-- Opening Marker --
section \<open>Quadratic growth of the conditional risk\<close>

(* (A3) bounds psi only on (0, a), which misses -ln u = ln 2 when a = ln 2; continuity covers it. *)
lemma psi_neg_ln_ge:
  fixes \<psi> :: "real \<Rightarrow> real"
  assumes cont: "continuous_on {0..} \<psi>" and a: "ln 2 \<le> a"
    and A0: "\<forall>t. 0 < t \<and> t < a \<longrightarrow> A0 < \<psi> t"
    and u: "1/2 \<le> u" "u \<le> 1"
  shows "A0 \<le> \<psi> (- ln u)"
proof -
  have "0 < a"
    using a ln_gt_zero[of 2] by linarith
  then have closure: "closure {0<..<a} = {0..a}"
    by simp
  have "ln (1/2) \<le> ln u"
    using u by simp
  then have "- ln u \<in> closure {0<..<a}"
    unfolding closure using u a by (auto simp: ln_div)
  moreover have "continuous_on (closure {0<..<a}) \<psi>"
    unfolding closure by (rule continuous_on_subset[OF cont]) auto
  ultimately show ?thesis
    by (intro continuous_ge_on_closure[of "{0<..<a}" \<psi> "- ln u" A0])
       (use A0 in \<open>auto intro: less_imp_le\<close>)
qed

lemma psi_weighted_sum_ge:
  fixes \<psi> :: "real \<Rightarrow> real"
  assumes cont: "continuous_on {0..} \<psi>" and nonneg: "\<forall>t\<ge>0. 0 \<le> \<psi> t"
    and a: "ln 2 \<le> a" and A0: "\<forall>t. 0 < t \<and> t < a \<longrightarrow> A0 < \<psi> t"
    and s: "0 < s" "s < 1"
  shows "A0 \<le> \<psi> (- ln s) / s + \<psi> (- ln (1 - s)) / (1 - s)"
proof -
  have "0 \<le> \<psi> (- ln s)" "0 \<le> \<psi> (- ln (1 - s))"
    using nonneg s by simp_all
  then have "0 \<le> \<psi> (- ln s) / s" "0 \<le> \<psi> (- ln (1 - s)) / (1 - s)"
    and "\<psi> (- ln s) \<le> \<psi> (- ln s) / s" "\<psi> (- ln (1 - s)) \<le> \<psi> (- ln (1 - s)) / (1 - s)"
    using s by (simp_all add: le_divide_eq mult_right_le_one_le)
  moreover have "A0 \<le> \<psi> (- ln s) \<or> A0 \<le> \<psi> (- ln (1 - s))"
    using psi_neg_ln_ge[OF cont a A0, of s] psi_neg_ln_ge[OF cont a A0, of "1 - s"] s
    by (cases "1/2 \<le> s") auto
  ultimately show ?thesis
    by linarith
qed

lemma has_real_derivative_at_of_within_Ici:
  assumes "(f has_real_derivative D) (at t within {0..})" and "0 < t"
  shows "(f has_real_derivative D) (at t)"
proof -
  have "at t within {0..} = at t"
    using \<open>0 < t\<close> by (intro at_within_interior) simp
  with assms(1) show ?thesis
    by simp
qed

lemma cond_risk_has_real_derivative:
  fixes \<rho> \<psi> :: "real \<Rightarrow> real"
  assumes deriv_\<rho>: "\<forall>t>0. (\<rho> has_real_derivative \<psi> t) (at t)"
    and cont: "continuous_on {0..} \<psi>" and bound: "\<forall>t\<ge>0. \<bar>\<psi> t\<bar> \<le> B"
    and s: "0 < s" "s < 1"
  shows "(cond_risk \<rho> \<psi> p has_real_derivative
           (s - p) * (\<psi> (- ln s) / s + \<psi> (- ln (1 - s)) / (1 - s))) (at s)"
proof -
  have "((\<lambda>s. \<rho> (- ln s)) has_real_derivative \<psi> (- ln s) * - (1 / s)) (at s)"
    by (rule DERIV_chain2[OF deriv_\<rho>[rule_format]])
       (use s in \<open>auto intro!: derivative_eq_intros\<close>)
  moreover have "((\<lambda>s. \<rho> (- ln (1 - s))) has_real_derivative \<psi> (- ln (1 - s)) * (1 / (1 - s))) (at s)"
    by (rule DERIV_chain2[OF deriv_\<rho>[rule_format]])
       (use s in \<open>auto intro!: derivative_eq_intros simp: field_simps\<close>)
  moreover have "((\<lambda>s. Gfun \<psi> (1 - s)) has_real_derivative \<psi> (- ln (1 - s)) * - 1) (at s)"
    by (rule DERIV_chain2[OF Gfun_has_real_derivative[OF cont bound]])
       (use s in \<open>auto intro!: derivative_eq_intros\<close>)
  ultimately have "(cond_risk \<rho> \<psi> p has_real_derivative
      p * (\<psi> (- ln s) * - (1 / s)) + (1 - p) * (\<psi> (- ln (1 - s)) * (1 / (1 - s)))
      + \<psi> (- ln s) + \<psi> (- ln (1 - s)) * - 1) (at s)"
    unfolding cond_risk_def
    by (intro DERIV_add DERIV_cmult Gfun_has_real_derivative[OF cont bound s])
  moreover have "p * (\<psi> (- ln s) * - (1 / s)) + (1 - p) * (\<psi> (- ln (1 - s)) * (1 / (1 - s)))
      + \<psi> (- ln s) + \<psi> (- ln (1 - s)) * - 1
      = (s - p) * (\<psi> (- ln s) / s + \<psi> (- ln (1 - s)) / (1 - s))"
    using s by (simp add: field_simps)
  ultimately show ?thesis
    by simp
qed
-- Closing Marker --
** TASK DIRECTIONS **
Report every line in the listing that holds the word "auto".

** ANSWER TO THIS TASK **
    unfolding closure using u a by (auto simp: ln_div)
    unfolding closure by (rule continuous_on_subset[OF cont]) auto
       (use A0 in \<open>auto intro: less_imp_le\<close>)
    by (cases "1/2 \<le> s") auto
       (use s in \<open>auto intro!: derivative_eq_intros\<close>)
       (use s in \<open>auto intro!: derivative_eq_intros simp: field_simps\<close>)
       (use s in \<open>auto intro!: derivative_eq_intros\<close>)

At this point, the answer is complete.